Bioinformatics: From Genome Sequences to Protein Structures

Structure prediction

Page 5 of 5

e. Fold recognition

The aim of fold recognition is to find which of the currently known folds (as represented by the protein structures in the PDB) most closely matches (ie is most compatible with) the query sequence.

There are currently over 670 unique folds in the PDB. Some estimates put the number of protein folds found in Nature at around 1,000. Some folds occur more often than others, such as the 10 superfolds shown below.

1. globin
( 1hlm )
2. updown
( 2hmz )
3. trefoil
( 1i1b )
4. Tim barrel
( 7tim )
       
5. OB roll
( 1mjc )
6. doubly wound
( 3eca )
7. immuno-
globulin
( 3hhr )
8. UB roll
( 1sha )
       
   
  9. jelly roll
( 2stv )
10. plaitfold
( 1aps )
 
       
The 10 superfolds
[taken from Salem et al. (1999), J. Mol. Biol., 287, 969-981].

Current methods of fold recognition are not particularly reliable. They are most likely to fail if the query sequence corresponds to a multi-domain protein, or if its fold is not one of those in the PDB.

There are a number of protein fold recognition servers on the Web:-

3D-PSSM prediction

All these methods can take a very long time to run. So, here is a set of results prepared earlier. The results were generated by submitting the sequence to the Phyre Web server.

Simply scroll down the upper box to look at the results. The lower box contains the probe sequence, a secondary structure prediction and its assigned reliability. Briefly compare the prediction with the results from the Jpred consensus secondary structure prediction.

In the table in the upper frame the significance of each hit is given by confidence scores:-

The top hit in the table, is, happily, the true structure (1sro) whose fold is an OB-fold - a type of mainly-beta barrel. The next 7 hits are also OB-folds, which is encouraging, but remember that these results have been obtained from a database containing the structure we're looking for, so are likely to be biased towards giving a correct answer. Such an apparently high level of success is not always obtained when the sequence is genuinely of a protein whose structure is unknown.

CASP2 results

At the time our sequence was being used as Target 4 for the Casp2 fold recognition experiment, the 1sro structure had, of course, not been published. Of the 708 fold predictions made for this sequence the following PDB codes were most frequently given as being compatible with the target sequence:-

PDB
code
Protein Fold Number of
times
matched
1csp Major cold shock protein Beta-barrel 33
1mjc Major cold shock protein Beta-barrel 27
1bov(A) Verotoxin-1 Beta-barrel 7
1lyl(A)
(dom 1)
Lysyl-tRNA synthetase Beta-barrel 7

Which of these are also in the Phyre hits?

Let's see how these folds compare with the correct answer (ie the structure of 1sro). We will use the SAS database to align and superpose the above proteins so that we can view them in 3D using RasMol.

The steps are as follows:-

  1. Go to the SAS database.

  2. Paste the mystery sequence, given again below, into the appropriate box.

    AEIEVGRVYTGKVTRIVDFGAFVAIGGGKEGLVHISQIADKRVEKVTDYL
    QMGQEVPVKVLEVDRQGRIRLSIKEATEQSQPAA

  3. Change the Search: option from the default of "All protein sequences in PDB" to "Specified subset" by clicking the appropriate button. Here we merely want our database to consist of the sequences in the table above.

    So, type the following series of PDB codes and chain identifiers into the lower of the two boxes. (In fact, you can just cut-and-paste from here!):-

  4. Then press the green Search button to generate the alignment of our sequences.

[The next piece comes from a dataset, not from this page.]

(* Let $p$ be a program. Then $p$ is in $\to_{\mathrm{und}}$-normal form (there is no $q$ with $p\to_{\mathrm{und}}q$) if and only if $\mathrm{unorm}(p)$.
   Context: Syntax. Terms $t,u,s ::= x\mid\lambda x.t\mid t\,u$; values $v ::= \lambda x.t$ (variables are not values); environments $E ::= \epsilon\mid E[x\leftarrow t]$; programs $p ::= (t,E)$; $x$ is bound in $E$ and $u$ in $(u,E[x\leftarrow t])$; up to $\alpha$; appended ES bind variables not in the domain of the program/context. Inert terms $i ::= x\mid i\,f$, fireballs $f ::= v\mid i$, non-variable inert terms $i^{+} ::= i\,f$. Contexts. Open term evaluation contexts $\mathcal{H} ::= \langle\cdot\rangle\mid\mathcal{H}\,t\mid i\,\mathcal{H}$; applicative term contexts $\mathcal{H}^{@} ::= \langle\cdot\rangle\,t\mid\mathcal{H}^{@}\,t\mid i\,\mathcal{H}^{@}$. Term contexts $C ::= \langle\cdot\rangle\mid C\,t\mid t\,C$; environment contexts $G ::= E[x\leftarrow C]\mid G[x\leftarrow u]$; program contexts $P ::= (C,E)\mid(t,G)$. Appending: $(t,E)@[x\leftarrow u]=(t,E[x\leftarrow u])$, $(C,E)@[x\leftarrow u]=(C,E[x\leftarrow u])$, $(t,G)@[x\leftarrow u]=(t,G[x\leftarrow u])$, and $(t,E)@[x\leftarrow C]:=(t,E[x\leftarrow C])$. Plugging: $(C,E)\langle(t,E')\rangle=(C\langle t\rangle,E'E)$; $(u,E[x\leftarrow C])\langle(t,E')\rangle=(u,E[x\leftarrow C\langle t\rangle]E')$; $(u,G[x\leftarrow s])\langle(t,E)\rangle=((u,G)\langle(t,E)\rangle)@[x\leftarrow s]$; $P\langle t\rangle:=P\langle(t,\epsilon)\rangle$. Look-up $P(x)=t$ if the ES list of $P$ contains $[x\leftarrow t]$ with $t$ a term, $\bot$ otherwise. $v^{\alpha}$: copy of $v$ with fresh bound variables. Variable sets. $nv(x)=\{x\}$, $nv(\lambda x.t)=\emptyset$, $nv(tu)=nv(t)\cup nv(u)$; $nv((t,\epsilon))=nv(t)$, $nv((t,E[x\leftarrow u]))=nv((t,E))$ if $x\notin nv((t,E))$, else $(nv((t,E))\setminus\{x\})\cup nv(u)$. $an(\lambda x.t)=an(x)=\emptyset$; $an(tu)=\{x\}\cup an(u)$ if $t=x$ variable, else $an(t)\cup an(u)$; $an((t,\epsilon))=an(t)$; $an((t,E[x\leftarrow u]))$ is $an((t,E))$ if $x\notin nv((t,E))$; $(an((t,E))\setminus\{x\})\cup an(u)$ if $x\in nv((t,E))$ and ($x\notin an((t,E))$ or $u$ not a variable); $(an((t,E))\setminus\{x\})\cup\{y\}$ if $x\in nv((t,E))$, $x\in an((t,E))$, $u=y$ variable; $an(\langle\cdot\rangle)=\emptyset$, $an(\mathcal{H}\,t)=an(\mathcal{H})$, $an(i\,\mathcal{H})=an(i)\cup an(\mathcal{H})$. $un(\lambda x.t)=\emptyset$, $un(x)=\{x\}$, $un(tu)=un(u)$ if $t$ variable, else $un(t)\cup un(u)$; $un((t,\epsilon))=un(t)$; $un((t,E[x\leftarrow u]))$ is $un((t,E))$ if $x\notin un((t,E))$ and ($x\notin nv((t,E))$ or $u$ a variable), and $(un((t,E))\setminus\{x\})\cup un(u)$ if $x\in un((t,E))$ or ($x\in nv((t,E))$ and $u$ not a variable); $un(\langle\cdot\rangle)=\emptyset$, $un(\mathcal{H}\,t)=un(\mathcal{H})$, $un(i\,\mathcal{H})=un(i)\cup un(\mathcal{H})$. $\mathrm{upd}(S,x,y):=S$ if $x\notin S$, else $(S\setminus\{x\})\cup\{y\}$. Multiplicative contexts $P\in\mathcal{M}_{{\mathcal{U}},{\mathcal{A}}}$, inductively: $(\mathcal{H},\epsilon)\in\mathcal{M}_{un(\mathcal{H}),an(\mathcal{H})}$; and, each with premise $P\in\mathcal{M}_{{\mathcal{U}},{\mathcal{A}}}$: $x\in{\mathcal{U}}\cup{\mathcal{A}}$ $\Rightarrow$ $P@[x\leftarrow y]\in\mathcal{M}_{\mathrm{upd}({\mathcal{U}},x,y),\mathrm{upd}({\mathcal{A}},x,y)}$; $x\notin{\mathcal{U}}\cup{\mathcal{A}}$ $\Rightarrow$ $P@[x\leftarrow t]\in\mathcal{M}_{{\mathcal{U}},{\mathcal{A}}}$; $x\in{\mathcal{U}}\cup{\mathcal{A}}$ $\Rightarrow$ $P@[x\leftarrow i^{+}]\in\mathcal{M}_{({\mathcal{U}}\setminus\{x\})\cup un(i^{+}),({\mathcal{A}}\setminus\{x\})\cup an(i^{+})}$; $x\in{\mathcal{U}}\setminus{\mathcal{A}}$ $\Rightarrow$ $P@[x\leftarrow v]\in\mathcal{M}_{{\mathcal{U}}\setminus\{x\},{\mathcal{A}}}$; $x\notin{\mathcal{U}}\cup{\mathcal{A}}$ $\Rightarrow$ $P\langle x\rangle@[x\leftarrow\mathcal{H}]\in\mathcal{M}_{{\mathcal{U}}\cup un(\mathcal{H}),{\mathcal{A}}\cup an(\mathcal{H})}$. Exponential contexts $P\in\mathcal{X}_{{\mathcal{U}},{\mathcal{A}}}$, inductively: $(\mathcal{H}^{@},\epsilon)\in\mathcal{X}_{un(\mathcal{H}^{@}),an(\mathcal{H}^{@})}$; $P\in\mathcal{M}_{{\mathcal{U}},{\mathcal{A}}}$, $x\notin{\mathcal{U}}\cup{\mathcal{A}}$ $\Rightarrow$ $P\langle x\rangle@[x\leftarrow\mathcal{H}^{@}]\in\mathcal{X}_{({\mathcal{U}}\setminus\{x\})\cup un(\mathcal{H}^{@}),{\mathcal{A}}\cup an(\mathcal{H}^{@})}$; and, each with premise $P\in\mathcal{X}_{{\mathcal{U}},{\mathcal{A}}}$: $x\in{\mathcal{U}}\cup{\mathcal{A}}$ $\Rightarrow$ $P@[x\leftarrow y]\in\mathcal{X}_{\mathrm{upd}({\mathcal{U}},x,y),\mathrm{upd}({\mathcal{A}},x,y)}$; $x\in{\mathcal{U}}\cup{\mathcal{A}}$ $\Rightarrow$ $P@[x\leftarrow i^{+}]\in\mathcal{X}_{({\mathcal{U}}\setminus\{x\})\cup un(i^{+}),({\mathcal{A}}\setminus\{x\})\cup an(i^{+})}$; $x\notin{\mathcal{U}}\cup{\mathcal{A}}$ $\Rightarrow$ $P@[x\leftarrow t]\in\mathcal{X}_{{\mathcal{U}},{\mathcal{A}}}$; $x\in{\mathcal{U}}\setminus{\mathcal{A}}$ $\Rightarrow$ $P@[x\leftarrow v]\in\mathcal{X}_{{\mathcal{U}}\setminus\{x\},{\mathcal{A}}}$; $x\notin{\mathcal{A}}$ $\Rightarrow$ $P\langle x\rangle@[x\leftarrow\langle\cdot\rangle]\in\mathcal{X}_{{\mathcal{U}}\setminus\{x\},{\mathcal{A}}}$. Useful Open CbNeed rules: $P\langle(\lambda x.t)u\rangle\to_{\mathrm{um}}P\langle(t,[x\leftarrow u])\rangle$ if $P\in\mathcal{M}_{{\mathcal{U}},{\mathcal{A}}}$ for some ${\mathcal{U}},{\mathcal{A}}$; $P\langle x\rangle\to_{\mathrm{ue}}P\langle v^{\alpha}\rangle$ if $P\in\mathcal{X}_{{\mathcal{U}},{\mathcal{A}}}$ for some ${\mathcal{U}},{\mathcal{A}}$ and $P(x)=v$; $\to_{\mathrm{und}}:=\to_{\mathrm{um}}\cup\to_{\mathrm{ue}}$. Predicates, inductively. $\mathrm{gvar}_x((x,\epsilon))$; $\mathrm{gvar}_x(p)\Rightarrow\mathrm{gvar}_y(p@[x\leftarrow y])$; $\mathrm{gvar}_x(p)$, $z\neq x$ $\Rightarrow$ $\mathrm{gvar}_x(p@[z\leftarrow t])$. $\mathrm{uabs}((v,\epsilon))$; $\mathrm{gvar}_x(p)\Rightarrow\mathrm{uabs}(p@[x\leftarrow v])$; $\mathrm{uabs}(p)\Rightarrow\mathrm{uabs}(p@[x\leftarrow t])$. $\mathrm{uinert}((i^{+},\epsilon))$; $\mathrm{gvar}_x(p)\Rightarrow\mathrm{uinert}(p@[x\leftarrow i^{+}])$; $\mathrm{uinert}(p)$, $x\in nv(p)$ $\Rightarrow$ $\mathrm{uinert}(p@[x\leftarrow i])$; $\mathrm{uinert}(p)$, $x\in un(p)$, $x\notin an(p)$ $\Rightarrow$ $\mathrm{uinert}(p@[x\leftarrow v])$; $\mathrm{uinert}(p)$, $x\notin nv(p)$ $\Rightarrow$ $\mathrm{uinert}(p@[x\leftarrow t])$. $\mathrm{unorm}(p)$ iff $\mathrm{uinert}(p)$ or $\mathrm{uabs}(p)$ or $\mathrm{gvar}_x(p)$ for some $x$. *)

theory Defs
  imports Main
begin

    The sequence identities in the SAS alignment are given at the bottom of the lower frame. As you might expect the mystery sequence is 100% identical to 1sro. Its identities with the other sequences are all in the 20-35% Twilight Zone. (The one apparent exception of 1bov(A), which has a sequence identity of 43.5%, is not significant as it only applies over a short segment of 23 residues).

  5. Alter the "Annotate by" option in the top frame to secondary structure and press Apply.

    In the new version of the alignment the blue residues represent residues in beta strands, while the red ones represent residues in helices.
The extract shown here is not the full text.